> [Task item] Once you find the line with "tensor factor. *)", copy it and every line after it through the end of the entries below, exactly as written.

> [Excerpted records]
(* Let $B$ be a unital $C^*$-algebra with a $*$-isomorphism $\psi:B\to M_n\otimes B$ satisfying $\psi(1)=I_n\otimes1$, let $A$ be a maximal abelian $*$-subalgebra of $B$, and let $\phi:A\to\mathbb{C}$ be a unital algebra homomorphism extended to a positive contraction $\phi:B\to\mathbb{C}$. If $\sigma_2(A)\subset A$, then $(\mathrm{id}\otimes e_{ij}\otimes\mathrm{id}^{\otimes(m-1)})(\phi_{m+1}(A))\subset\phi_m(A)$ for all $m\ge1$ and $1\le i,j\le n$.
   Context: $M_n=M_n(\mathbb{C})$, matrix units $E_{kl}$, identity $I_n$. Define $\psi_0=\mathrm{id}_B$, $\psi_{m+1}=(\mathrm{id}^{\otimes m}\otimes\psi)\circ\psi_m:B\to M_n^{\otimes(m+1)}\otimes B$. With $f(b)=I_n\otimes b$, $\sigma_2=\psi_2^{-1}\circ(\mathrm{id}\otimes f)\circ\psi_1:B\to B$. For $m\ge1$, $\phi_m=(\mathrm{id}^{\otimes m}\otimes\phi)\circ\psi_m:B\to M_n^{\otimes m}$. $e_{ij}:M_n\to\mathbb{C}$ is the linear functional $e_{ij}(E_{kl})=\delta_{ik}\delta_{jl}$, and $\mathrm{id}\otimes e_{ij}\otimes\mathrm{id}^{\otimes(m-1)}:M_n^{\otimes(m+1)}\to M_n^{\otimes m}$ applies $e_{ij}$ to the second tensor factor. *)

theory Defs
  imports Complex_Main
begin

> [Task result]
   Context: $M_n=M_n(\mathbb{C})$, matrix units $E_{kl}$, identity $I_n$. Define $\psi_0=\mathrm{id}_B$, $\psi_{m+1}=(\mathrm{id}^{\otimes m}\otimes\psi)\circ\psi_m:B\to M_n^{\otimes(m+1)}\otimes B$. With $f(b)=I_n\otimes b$, $\sigma_2=\psi_2^{-1}\circ(\mathrm{id}\otimes f)\circ\psi_1:B\to B$. For $m\ge1$, $\phi_m=(\mathrm{id}^{\otimes m}\otimes\phi)\circ\psi_m:B\to M_n^{\otimes m}$. $e_{ij}:M_n\to\mathbb{C}$ is the linear functional $e_{ij}(E_{kl})=\delta_{ik}\delta_{jl}$, and $\mathrm{id}\otimes e_{ij}\otimes\mathrm{id}^{\otimes(m-1)}:M_n^{\otimes(m+1)}\to M_n^{\otimes m}$ applies $e_{ij}$ to the second tensor factor. *)

theory Defs
  imports Complex_Main
begin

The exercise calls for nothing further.